Issue 1: Mounting sheetrock to the wall- there is a 1"+ gap behind the sheetrock. I can feel a stud horizontal in the middle of the rough sheetrock panel, so I am going to need to add some more structure there. What do I add? Non-flammable framing? Like steel? What is the best way to tie them into the vertical framing outside the fireplace?

Issue 2: Getting Hardi-backer on the uneven brick. I need to level the surface around the fireplace opening and mount hardi-backer to it. I was thinking I would do mortar in a few layers with some chicken wire to reinforce it and prevent it from running down, and then fasten the hardi-backer on with masonry screws after drying and sanding flat.

Suggestions? Code violations? 

This is in Portland, Oregon. 

EDIT: the bricks that look like vents are NOT vents. They can be removed.


----------



## kwikfishron (Mar 11, 2010)

Frame a wall in front, cover and tile.


----------



## Gary in WA (Mar 11, 2009)

See if your local Building Inspector will give you a courtesy call to be safe.

Be safe, Gary


----------



## KlamathMog (Oct 9, 2009)

GBR-

that is a very good idea! But we already have it pretty much done. 

I got a copy of the oregon building codes online.

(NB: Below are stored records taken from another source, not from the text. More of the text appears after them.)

lemma C1_zeros_Lipschitz_in_parameters:
  assumes C1: "C1_on (n + m) n S f" and S: "cube (n + m) z0 r0 \<subseteq> S" "0 < r0"
    and z0: "z0 = concat_vec n (\<lambda>_. 0) y0" and y0: "y0 \<in> topspace (Euclidean_space m)"
    and det: "det_n n (\<lambda>i j. partial f i j z0) \<noteq> 0"
  obtains r K where "0 < r" "0 < K"
    and "\<And>s1 s2 y1 y2 t i. s1 \<in> cube n (\<lambda>_. 0) r \<Longrightarrow> s2 \<in> cube n (\<lambda>_. 0) r \<Longrightarrow>
           y1 \<in> cube m y0 r \<Longrightarrow> y2 \<in> cube m y0 r \<Longrightarrow>
           f (concat_vec n s1 y1) = (\<lambda>_. 0) \<Longrightarrow> f (concat_vec n s2 y2) = (\<lambda>_. 0) \<Longrightarrow>
           0 \<le> t \<Longrightarrow> \<forall>j<m. \<bar>y1 j - y2 j\<bar> \<le> t \<Longrightarrow> i < n \<Longrightarrow> \<bar>s1 i - s2 i\<bar> \<le> K * t"
proof -
  define M where "M i j = partial f i j z0" for i j
  obtain \<beta> where \<beta>: "0 < \<beta>"
    and inverse: "\<And>v T i. \<forall>k<n. \<bar>\<Sum>j<n. M k j * v j\<bar> \<le> T \<Longrightarrow> i < n \<Longrightarrow> \<bar>v i\<bar> \<le> \<beta> * T"
    using det_n_nonzero_bounded_inverse[OF det[folded M_def]] by blast
  \<comment> \<open>\<eta> is chosen so that the linearization error \<beta> (n + m) \<eta> D can be absorbed into D below.\<close>
  define \<eta> where "\<eta> = 1 / (2 * \<beta> * (n + m + 1))"
  have "\<beta> * (n + m) * \<eta> = (n + m) / (2 * (n + m + 1))" using \<beta> by (simp add: \<eta>_def)
  also have "\<dots> \<le> 1 / 2" by (simp add: field_simps)
  finally have \<eta>: "0 < \<eta>" "\<beta> * (n + m) * \<eta> \<le> 1 / 2" using \<beta> by (auto simp: \<eta>_def)
  have z0_top: "z0 \<in> topspace (Euclidean_space (n + m))"
    using y0 by (auto simp: z0 concat_vec_def topspace_Euclidean_space)
  obtain r where r: "0 < r" "r \<le> r0" and close:
    "\<And>z i j. z \<in> cube (n + m) z0 r \<Longrightarrow> i < n \<Longrightarrow> j < n + m \<Longrightarrow> \<bar>partial f i j z - M i j\<bar> < \<eta>"
    using C1_on_partials_uniformly_close[OF C1 S z0_top \<eta>(1)] unfolding M_def by blast
  have cube_S: "cube (n + m) z0 r \<subseteq> S" using S(1) cube_mono[OF r(2)] by blast
  define B where "B = (\<Sum>i<n. \<Sum>j<n + m. \<bar>M i j\<bar>) + \<eta>"
  have B: "\<bar>partial f i j z - 0\<bar> \<le> B" if "z \<in> cube (n + m) z0 r" "i < n" "j < n + m" for z i j
  proof -
    have "\<bar>M i j\<bar> \<le> (\<Sum>j<n + m. \<bar>M i j\<bar>)" using that(3) by (intro member_le_sum) auto
    also have "\<dots> \<le> (\<Sum>i<n. \<Sum>j<n + m. \<bar>M i j\<bar>)"
      using that(2) by (intro member_le_sum[of i "{..<n}"]) (auto intro: sum_nonneg)
    finally show ?thesis using close[OF that] unfolding B_def by linarith
  qed
  have B0: "0 \<le> B" unfolding B_def by (intro add_nonneg_nonneg sum_nonneg) (use \<eta>(1) in auto)
  define K where "K = 2 * \<beta> * (n + m) * B + 1"
  show thesis
  proof (rule that[of r K])
    show "0 < r" by (fact r(1))
    have "0 \<le> 2 * \<beta> * (n + m) * B" using \<beta> B0 by (intro mult_nonneg_nonneg) auto
    then show "0 < K" unfolding K_def by linarith
  next
    fix s1 s2 y1 y2 t i
    assume s1: "s1 \<in> cube n (\<lambda>_. 0) r" and s2: "s2 \<in> cube n (\<lambda>_. 0) r"
      and y1: "y1 \<in> cube m y0 r" and y2: "y2 \<in> cube m y0 r"
      and zero1: "f (concat_vec n s1 y1) = (\<lambda>_. 0)" and zero2: "f (concat_vec n s2 y2) = (\<lambda>_. 0)"
      and t: "0 \<le> t" "\<forall>j<m. \<bar>y1 j - y2 j\<bar> \<le> t" and i: "i < n"
    have cubes: "concat_vec n s1 y1 \<in> cube (n + m) z0 r" "concat_vec n s1 y2 \<in> cube (n + m) z0 r"
      "concat_vec n s2 y2 \<in> cube (n + m) z0 r"
      unfolding z0 using s1 s2 y1 y2 by (auto intro: concat_vec_in_cube)
    define D where "D = Max (insert 0 ((\<lambda>j. \<bar>s1 j - s2 j\<bar>) ` {..<n}))"
    have D: "\<forall>j<n. \<bar>s1 j - s2 j\<bar> \<le> D" "0 \<le> D" by (auto simp: D_def)
    have row: "\<bar>\<Sum>j<n. M k j * (s1 j - s2 j)\<bar> \<le> (n + m) * B * t + (n + m) * \<eta> * D"
      if k: "k < n" for k
    proof (rule C1_zeros_linearized[OF cube_S _ _ _ cubes _ _ t D])
      show "\<forall>j<n + m. \<forall>z\<in>S. partial_diffble f k j z" using C1 k unfolding C1_on_def by blast
      show "\<forall>j<n + m. \<forall>z\<in>cube (n + m) z0 r. \<bar>partial f k j z - M k j\<bar> \<le> \<eta>"
        using close[OF _ k] by (auto intro: less_imp_le)
      show "\<forall>j<n + m. \<forall>z\<in>cube (n + m) z0 r. \<bar>partial f k j z - 0\<bar> \<le> B" using B[OF _ k] by blast
      show "f (concat_vec n s1 y1) k = 0" "f (concat_vec n s2 y2) k = 0" using zero1 zero2 by simp_all
    qed
    have "\<forall>j<n. \<bar>s1 j - s2 j\<bar> \<le> \<beta> * ((n + m) * B * t + (n + m) * \<eta> * D)"
      using inverse[of "\<lambda>j. s1 j - s2 j"] row by blast
    moreover have "0 \<le> \<beta> * ((n + m) * B * t + (n + m) * \<eta> * D)" using \<beta> B0 \<eta> t D by simp
    ultimately have "D \<le> \<beta> * ((n + m) * B * t + (n + m) * \<eta> * D)" by (auto simp: D_def)
    also have "\<dots> = \<beta> * (n + m) * B * t + (\<beta> * (n + m) * \<eta>) * D" by (simp add: algebra_simps)
    also have "\<dots> \<le> \<beta> * (n + m) * B * t + D / 2" using mult_right_mono[OF \<eta>(2) D(2)] by simp
    finally have "D \<le> 2 * \<beta> * (n + m) * B * t" by simp
    also have "\<dots> \<le> K * t" using t by (simp add: K_def algebra_simps)
    finally show "\<bar>s1 i - s2 i\<bar> \<le> K * t" using D(1) i by force
  qed
qed
lemma increment_remainder_tendsto_0:
  fixes G g g' :: "real \<Rightarrow> real"
  assumes G: "\<And>x. (G has_real_derivative g x) (at x)" and g: "\<And>x. (g has_real_derivative g' x) (at x)"
    and "(g' \<longlongrightarrow> 0) at_infinity"
  shows "((\<lambda>x. G x - G (x - s) - s * g x) \<longlongrightarrow> 0) at_infinity"
proof (rule tendstoI)
  fix \<epsilon> :: real
  assume "0 < \<epsilon>"
  have "\<forall>\<^sub>F x in at_infinity. dist (g' x) 0 < \<epsilon> / (s\<^sup>2 + 1)"
    using \<open>0 < \<epsilon>\<close> by (intro tendstoD[OF \<open>(g' \<longlongrightarrow> 0) at_infinity\<close>]) (simp add: add_nonneg_pos)
  then obtain N where N: "\<And>x. N \<le> \<bar>x\<bar> \<Longrightarrow> \<bar>g' x\<bar> < \<epsilon> / (s\<^sup>2 + 1)"
    unfolding eventually_at_infinity by auto
  show "\<forall>\<^sub>F x in at_infinity. dist (G x - G (x - s) - s * g x) 0 < \<epsilon>"
    unfolding eventually_at_infinity
  proof (intro exI allI impI)
    fix x :: real
    assume "N + \<bar>s\<bar> \<le> norm x"
    obtain \<zeta> where \<zeta>: "\<bar>\<zeta> - x\<bar> \<le> \<bar>s\<bar>" "\<bar>G x - G (x - s) - s * g x\<bar> \<le> s\<^sup>2 * \<bar>g' \<zeta>\<bar>"
      using increment_remainder_second_order[OF G g] by blast
    have "N \<le> \<bar>\<zeta>\<bar>"
      using \<zeta>(1) \<open>N + \<bar>s\<bar> \<le> norm x\<close> abs_triangle_ineq2[of x \<zeta>] abs_minus_commute[of x \<zeta>]
      by (simp only: real_norm_def)
    then have "s\<^sup>2 * \<bar>g' \<zeta>\<bar> \<le> s\<^sup>2 * (\<epsilon> / (s\<^sup>2 + 1))"
      using N[of \<zeta>] by (intro mult_left_mono) auto
    also have "\<dots> < \<epsilon>"
      using \<open>0 < \<epsilon>\<close> by (simp add: field_simps add_pos_nonneg)
    finally show "dist (G x - G (x - s) - s * g x) 0 < \<epsilon>"
      using \<zeta>(2) by simp
  qed
qed

text \<open>Since \<open>E\<close> is even, the first-order parts of the increments integrate to zero.\<close>

lemma conv_E_defect_eq_remainders:
  fixes g G :: "real \<Rightarrow> real"
  assumes cont: "continuous_on UNIV g" and bound: "\<And>x. \<bar>g x\<bar> \<le> B"
    and G: "\<And>x. (G has_real_derivative g x) (at x)" and "0 \<le> R"
  shows "conv_E_defect g R
    = (LBINT s. E s * ((G R - G (R - s) - s * g R) - (G (- R) - G (- R - s) - s * g (- R))))"
proof -
  have [measurable]: "g \<in> borel_measurable borel" "G \<in> borel_measurable borel"
    using cont DERIV_continuous_on[of UNIV G g] G by (auto intro: borel_measurable_continuous_onI)
  have "\<bar>(G R - G (R - s) - s * g R) - (G (- R) - G (- R - s) - s * g (- R))\<bar> \<le> 4 * B * \<bar>s\<bar>" for s
    using abs_increment_remainder_le[OF G bound, of R s] abs_increment_remainder_le[OF G bound, of "- R" s]
    by linarith
  then have "integrable lborel
      (\<lambda>s. E s * ((G R - G (R - s) - s * g R) - (G (- R) - G (- R - s) - s * g (- R))))"
    by (intro integrable_E_mult_linear_growth) (measurable, blast)
  moreover have "(\<lambda>s. E s * ((G R - G (- R)) - (G (R - s) - G (- R - s))))
      = (\<lambda>s. (s * E s) * (g R - g (- R))
          + E s * ((G R - G (R - s) - s * g R) - (G (- R) - G (- R - s) - s * g (- R))))"
    by (auto simp: fun_eq_iff algebra_simps)
  ultimately show ?thesis
    unfolding conv_E_defect_eq[OF cont bound G \<open>0 \<le> R\<close>]
    by (simp add: integrable_times_E integral_times_E)
qed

Only thing that we had to observe was no flammable material within 2" of the brick work. I put a metal beam in to reinforce the new sheetrock. Then I ground the brick flat and I mortaring hardibacker on with quickset. In the large areas I am reinforcing the cement with chicken wire. Look ssturdy, fireproof, and true.

thanks for the suggestions though!


----------